Возвращаюсь к своим записям 1943 года.

…Радостные муки поисков – спутники большого наступления. Всю эту поездку ничего не можем найти сразу, все находим с великим трудом и с опозданием не потому, что нам дают неверную информацию, а потому, что, пока едем, эта информация опаздывает, штабы и войска беспрерывно перемещаются вперед. Нет ничего канительнее, чем отыскивать в находящейся в движении армии какую-то часть, если тебе нужна именно она, а не какая-нибудь другая.

Штаб корпуса, оказывается, за последние два дня переезжал три раза, и, когда я наконец нахожу его в маленькой, наполовину сожженной минувшей ночью немцами деревушке, штаб уже почти весь снова на колесах.
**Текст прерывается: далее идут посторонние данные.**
lemma min_primesI:
  "prime_ideal P \<Longrightarrow> J \<subseteq> P \<Longrightarrow> (\<And>Q. prime_ideal Q \<Longrightarrow> J \<subseteq> Q \<Longrightarrow> Q \<subseteq> P \<Longrightarrow> Q = P)
    \<Longrightarrow> P \<in> min_primes J"
  unfolding min_primes_def by blast

text \<open>Every prime \<open>Q\<close> over a monomial ideal contains the prime generated by the variables in
  \<open>Q\<close>, which still contains the ideal; so the minimal primes are primes generated by variables.\<close>

lemma min_primes_monomial_idealD:
  assumes J: "J = ideal_gen (xmon ` G)" and P: "P \<in> min_primes (J :: ('v::finite, 'a::idom) mpoly set)"
  obtains F where "F \<in> facets (rad_complex J)" "P = var_prime (- F)"
proof -
  define B where "B = {i. (xmon (var i) :: ('v, 'a) mpoly) \<in> P}"
  have "prime_ideal P" "J \<subseteq> P"
    using P by (auto simp: min_primes_def)
  note between = prime_ideal_var_prime_between[OF J this, folded B_def]
  have P_eq: "P = var_prime B"
    using min_primesD[OF P prime_var_prime between] by simp
  have "- B \<in> facets (rad_complex J)"
    unfolding facets_def
  proof (intro CollectI conjI ballI impI)
    show "- B \<in> rad_complex J"
      using between(1) monomial_ideal_subset_var_prime_iff[OF J] by blast
    fix F assume F: "F \<in> rad_complex J" "- B \<subseteq> F"
    then have "J \<subseteq> var_prime (- F)" "(var_prime (- F) :: ('v, 'a) mpoly set) \<subseteq> P"
      using monomial_ideal_subset_var_prime_iff[OF J, of "- F"] var_prime_mono[of "- F" B] P_eq
      by auto
    then have "var_prime (- F) = (var_prime B :: ('v, 'a) mpoly set)"
      using min_primesD[OF P prime_var_prime] P_eq by blast
    then have "- F = B"
      by (rule var_prime_inj)
    then show "F = - B"
      by auto
  qed
  with P_eq show ?thesis
    using that by simp
qed

lemma min_primes_monomial_idealI:
  assumes J: "J = ideal_gen (xmon ` G)" and F: "F \<in> facets (rad_complex J)"
  shows "var_prime (- F) \<in> min_primes (J :: ('v::finite, 'a::idom) mpoly set)"
proof (rule min_primesI)
  show "J \<subseteq> var_prime (- F)"
    using F monomial_ideal_subset_var_prime_iff[OF J] by (simp add: facets_def)
  fix Q :: "('v, 'a) mpoly set"
  assume Q: "prime_ideal Q" "J \<subseteq> Q" "Q \<subseteq> var_prime (- F)"
  define B where "B = {i. (xmon (var i) :: ('v, 'a) mpoly) \<in> Q}"
  note between = prime_ideal_var_prime_between[OF J Q(1,2), folded B_def]
  have "F \<subseteq> - B"
    using Q(3) by (auto simp: B_def xmon_mem_var_prime_iff)
  moreover have "- B \<in> rad_complex J"
    using between(1) monomial_ideal_subset_var_prime_iff[OF J] by blast
  ultimately have "- B = F"
    using F unfolding facets_def by blast
  then show "Q = var_prime (- F)"
    using between(2) Q(3) by auto
qed (rule prime_var_prime)

lemma min_primes_monomial_ideal:
  assumes "J = ideal_gen (xmon ` G)"
  shows "min_primes (J :: ('v::finite, 'a::idom) mpoly set)
    = (\<lambda>F. var_prime (- F)) ` facets (rad_complex J)"
  using min_primes_monomial_idealD[OF assms] min_primes_monomial_idealI[OF assms] by blast

lemma ideal_gen_insert_monomial_ideal:
  "ideal_gen (insert (xmon u) (ideal_gen (xmon ` G))) = ideal_gen (xmon ` insert u G)"
  by (simp add: ideal_gen_insert_ideal_gen)

lemma rad_complex_insert_xmon:
  assumes J: "J = ideal_gen (xmon ` G)"
  shows "rad_complex (ideal_gen (insert (xmon u) J) :: ('v, 'a::comm_ring_1) mpoly set)
    = deletion (rad_complex J) (keys u)"
proof -
  have mem: "(xmon a :: ('v, 'a) mpoly) \<in> ideal_gen (insert (xmon u) J)
      \<longleftrightarrow> mdvd u a \<or> xmon a \<in> J" for a
    using xmon_mem_monomial_ideal_iff[of a "insert u G"]
    by (simp add: J ideal_gen_insert_monomial_ideal xmon_mem_monomial_ideal_iff)
  show ?thesis
  proof (intro set_eqI iffI)
    fix F assume "F \<in> rad_complex (ideal_gen (insert (xmon u) J))"
    then show "F \<in> deletion (rad_complex J) (keys u)"
      using mem[of u] by (auto simp: mem rad_complex_def deletion_def)
  next
    fix F assume F: "F \<in> deletion (rad_complex J) (keys u)"
    have "xmon a \<notin> ideal_gen (insert (xmon u) J)" if a: "keys a \<subseteq> F" for a
    proof -
      have "\<not> mdvd u a"
        using F a mdvd_keys_subset by (force simp: deletion_def)
      then show ?thesis
        using F a by (simp add: mem rad_complex_def deletion_def)
    qed
    then show "F \<in> rad_complex (ideal_gen (insert (xmon u) J))"
      by (simp add: rad_complex_def)
  qed
qed

lemma star_rad_complex_colon:
  assumes "is_ideal (J :: ('v, 'a::comm_ring_1) mpoly set)"
  shows "star (rad_complex (colon J (xmon u))) (keys u) = star (rad_complex J) (keys u)"
proof -
  have "F \<in> rad_complex (colon J (xmon u)) \<longleftrightarrow> F \<in> rad_complex J" if "keys u \<subseteq> F" for F
  proof -
    have "xmon a \<in> J \<Longrightarrow> xmon a \<in> colon J (xmon u)" for a
      using ideal_mult_right[OF assms] by (simp add: colon_def)
    moreover have "xmon a \<in> colon J (xmon u) \<Longrightarrow> xmon (a + u) \<in> J" for a
      by (simp add: colon_def xmon_add)
    moreover have "keys a \<subseteq> F \<Longrightarrow> keys (a + u) \<subseteq> F" for a
      using that by (simp add: keys_add_nat)
    ultimately show ?thesis
      unfolding rad_complex_def by blast
  qed
  then show ?thesis
    unfolding star_def by auto
qed

lemma rad_complex_prime:
  assumes "prime_ideal (J :: ('v::finite, 'a::comm_ring_1) mpoly set)"
  shows "rad_complex J = Pow (- {i. xmon (var i) \<in> J})"
proof (intro set_eqI iffI)
  fix F assume "F \<in> rad_complex J"
  then show "F \<in> Pow (- {i. xmon (var i) \<in> J})"
    by (auto simp: rad_complex_def dest: spec[of _ "var _"])
next
  fix F assume "F \<in> Pow (- {i. xmon (var i) \<in> J})"
  then show "F \<in> rad_complex J"
    using prime_ideal_xmon_mem[OF assms] by (auto simp: rad_complex_def)
qed

text \<open>Minimal primes of \<open>J + (x\<^sup>u)\<close> correspond to facets of the deletion of \<open>supp u\<close>, those of
  \<open>J\<close> to facets of the complex; so a cleaner monomial has a shedding support.\<close>

lemma shedding_face_keys_cleaner:
  assumes J: "J = ideal_gen (xmon ` G)" and "cleaner (J :: ('v::finite, 'a::idom) mpoly set) u"
  shows "shedding_face (rad_complex J) (keys u)"
  unfolding shedding_face_def
proof
  fix F assume F: "F \<in> facets (deletion (rad_complex J) (keys u))"
  have J': "ideal_gen (insert (xmon u) J) = ideal_gen (xmon ` insert u G)"
    unfolding J by (rule ideal_gen_insert_monomial_ideal)
  have "var_prime (- F) \<in> min_primes (ideal_gen (insert (xmon u) J))"
    using F by (simp add: min_primes_monomial_ideal[OF J'] rad_complex_insert_xmon[OF J, folded J'])
  then have "(var_prime (- F) :: ('v, 'a) mpoly set) \<in> var_prime ` uminus ` facets (rad_complex J)"
    using assms(2) by (auto simp: cleaner_def min_primes_monomial_ideal[OF J] image_comp comp_def)
  then obtain F' where F': "F' \<in> facets (rad_complex J)"
    and eq: "var_prime (- F) = (var_prime (- F') :: ('v, 'a) mpoly set)"
    by blast
  from eq have "- F = - F'"
    by (rule var_prime_inj)
  with F' show "F \<in> facets (rad_complex J)"
    by simp
qed

lemma k_decomposable_complex_star_rad_complex_colon:
  fixes J :: "('v::finite, 'a::comm_ring_1) mpoly set"
  assumes "is_ideal J" "keys u \<in> rad_complex J"
    and "k_decomposable_complex k (rad_complex (colon J (xmon u)))"
  shows "k_decomposable_complex k (star (rad_complex J) (keys u))"
proof -
  note star_eq = star_rad_complex_colon[OF assms(1), of u]
  have "{} \<in> star (rad_complex J) (keys u)"
    using assms(2) by (simp add: star_def)
  then have "{} \<in> star (rad_complex (colon J (xmon u))) (keys u)"
    by (simp only: star_eq)
  then have "keys u \<in> rad_complex (colon J (xmon u))"
    by (simp add: star_def)
  then have "k_decomposable_complex k (star (rad_complex (colon J (xmon u))) (keys u))"
    by (rule k_decomposable_complex_star[OF assms(3) down_closed_rad_complex])
  then show ?thesis
    by (simp only: star_eq)
qed

lemma k_decomposable_complex_rad_complex:
  fixes J :: "('v::finite, 'a::idom) mpoly set"
  assumes "k_clean k J"
  shows "k_decomposable_complex k (rad_complex J)"
  using assms
proof (induction rule: k_clean.induct)
  case (prime I)
  then show ?case
    using rad_complex_prime k_decomposable_complex.simplex by metis
next
  case (step I u)
  obtain G where I: "I = ideal_gen (xmon ` G)"
    using step.hyps(1) by (auto simp: monomial_ideal_def)
  define \<sigma> where "\<sigma> = keys u"
  have deletion: "k_decomposable_complex k (deletion (rad_complex I) \<sigma>)"
    using step.IH(2) by (simp add: \<sigma>_def rad_complex_insert_xmon[OF I])
  show ?case
  proof (cases "\<sigma> \<in> rad_complex I")
    case False
    then have "deletion (rad_complex I) \<sigma> = rad_complex I"
      using down_closedD[OF down_closed_rad_complex] by (auto simp: deletion_def)
    then show ?thesis
      using deletion by simp
  next
    case True
    have "k_decomposable_complex k (star (rad_complex I) \<sigma>)"
      unfolding \<sigma>_def
      by (rule k_decomposable_complex_star_rad_complex_colon[OF _ True[unfolded \<sigma>_def] step.IH(1)])
        (simp add: I ideal_ideal_gen)
    moreover have "\<sigma> \<noteq> {}" "card \<sigma> \<le> k + 1"
      using step.hyps(4,5) by (auto simp: cleaner_def \<sigma>_def supp_def)
    moreover have "shedding_face (rad_complex I) \<sigma>"
      unfolding \<sigma>_def by (rule shedding_face_keys_cleaner[OF I step.hyps(4)])
    ultimately show ?thesis
      using True deletion k_decomposable_complex.step by blast
  qed
qed

section \<open>Stanley--Reisner ideals\<close>

lemma lookup_sqmon: "lookup (sqmon F) i = (if i \<in> (F :: 'v::finite set) then 1 else 0)"
  by (simp add: sqmon_def lookup_sum var_def lookup_single when_def sum.delta)

lemma keys_sqmon [simp]: "keys (sqmon (F :: 'v::finite set)) = F"
  by (auto simp: in_keys_iff lookup_sqmon split: if_splits)

lemma mdvd_sqmon_iff: "mdvd (sqmon (F :: 'v::finite set)) a \<longleftrightarrow> F \<subseteq> keys a"
  by (auto simp: mdvd_def lookup_sqmon in_keys_iff Suc_le_eq)

lemma sqmon_Diff: "sqmon (A :: 'v::finite set) - sqmon B = sqmon (A - B)"
  by (rule poly_mapping_eqI) (simp add: lookup_minus lookup_sqmon)

lemma sqmon_singleton: "sqmon {l} = var l"
  by (simp add: sqmon_def)

lemma SR_ideal_eq: "SR_ideal \<Delta> = ideal_gen (xmon ` sqmon ` (- \<Delta>))"
  unfolding SR_ideal_def by (rule arg_cong[where f = ideal_gen]) auto

lemma monomial_ideal_SR_ideal: "monomial_ideal (SR_ideal \<Delta>)"
  unfolding monomial_ideal_def SR_ideal_eq by blast

lemma xmon_mem_SR_ideal_iff:
  assumes "down_closed \<Delta>"
  shows "(xmon a :: ('v::finite, 'a::comm_ring_1) mpoly) \<in> SR_ideal \<Delta> \<longleftrightarrow> keys a \<notin> \<Delta>"
proof -
  have "(xmon a :: ('v, 'a) mpoly) \<in> SR_ideal \<Delta> \<longleftrightarrow> (\<exists>F\<in>- \<Delta>. F \<subseteq> keys a)"
    by (simp add: SR_ideal_eq xmon_mem_monomial_ideal_iff mdvd_sqmon_iff)
  also have "\<dots> \<longleftrightarrow> keys a \<notin> \<Delta>"
  proof
    assume "\<exists>F\<in>- \<Delta>. F \<subseteq> keys a"
    then obtain F where "F \<notin> \<Delta>" "F \<subseteq> keys a"
      by blast
    then show "keys a \<notin> \<Delta>"
      using down_closedD[OF assms, of "keys a" F] by blast
  qed auto
  finally show ?thesis .
qed

lemma SR_ideal_mem_iff:
  assumes "down_closed \<Delta>"
  shows "(f :: ('v::finite, 'a::comm_ring_1) mpoly) \<in> SR_ideal \<Delta> \<longleftrightarrow> (\<forall>a\<in>keys f. keys a \<notin> \<Delta>)"
proof -
  have "f \<in> SR_ideal \<Delta> \<longleftrightarrow> (\<forall>a\<in>keys f. (xmon a :: ('v, 'a) mpoly) \<in> SR_ideal \<Delta>)"
    unfolding SR_ideal_eq by (rule monomial_ideal_mem_iff_xmon)
  then show ?thesis
    by (simp add: xmon_mem_SR_ideal_iff[OF assms])
qed

lemma SR_idealI:
  assumes "down_closed \<Delta>" "\<And>f. f \<in> J \<longleftrightarrow> (\<forall>a\<in>keys f. keys a \<notin> \<Delta>)"
  shows "J = (SR_ideal \<Delta> :: ('v::finite, 'a::comm_ring_1) mpoly set)"
  by (rule set_eqI) (simp add: assms(2) SR_ideal_mem_iff[OF assms(1)])

lemma rad_complex_SR_ideal:
  assumes "down_closed \<Delta>"
  shows "rad_complex (SR_ideal \<Delta> :: ('v::finite, 'a::comm_ring_1) mpoly set) = \<Delta>"
  using down_closedD[OF assms]
  by (auto simp: rad_complex_def xmon_mem_SR_ideal_iff[OF assms] dest: spec[of _ "sqmon _"])

lemma min_primes_SR_ideal:
  assumes "down_closed \<Delta>"
  shows "min_primes (SR_ideal \<Delta> :: ('v::finite, 'a::idom) mpoly set)
    = (\<lambda>F. var_prime (- F)) ` facets \<Delta>"
  using min_primes_monomial_ideal[OF SR_ideal_eq[of \<Delta>], where 'a='a]
  by (simp add: rad_complex_SR_ideal[OF assms])

lemma SR_ideal_Pow: "SR_ideal (Pow W) = (var_prime (- W) :: ('v::finite, 'a::comm_ring_1) mpoly set)"
  by (rule SR_idealI[symmetric]) (auto simp: down_closed_def var_prime_mem_iff)

lemma colon_SR_ideal_sqmon:
  assumes "down_closed \<Delta>"
  shows "colon (SR_ideal \<Delta> :: ('v::finite, 'a::comm_ring_1) mpoly set) (xmon (sqmon \<sigma>))
    = SR_ideal (star \<Delta> \<sigma>)"
proof (rule SR_idealI[OF down_closed_star[OF assms]])
  fix f :: "('v, 'a) mpoly"
  show "f \<in> colon (SR_ideal \<Delta>) (xmon (sqmon \<sigma>)) \<longleftrightarrow> (\<forall>a\<in>keys f. keys a \<notin> star \<Delta> \<sigma>)"
    by (simp add: colon_def SR_ideal_mem_iff[OF assms] keys_mult_xmon keys_add_nat star_def)
qed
Попади я сюда на час позже, вновь не застал бы его.

Прошу у начальника оперативного отделения штаба корпуса дать мне проводника, чтобы поскорей добраться до дивизии. Крестик на моей карте, рано утром поставленный в штабе армии, не внушает доверия. Наверное, там, где у меня стоит этот крестик, сейчас уже нет штаба дивизии.

Пообещав дать проводника и приказав по телефону, чтобы он явился, начальник оперативного отделения вдруг спрашивает меня:

– Вам ничего не говорит моя фамилия – Хорунжий?

Стараюсь вспомнить. Фамилия Хорунжий мне чем-то памятна, но чем вспомнить не могу.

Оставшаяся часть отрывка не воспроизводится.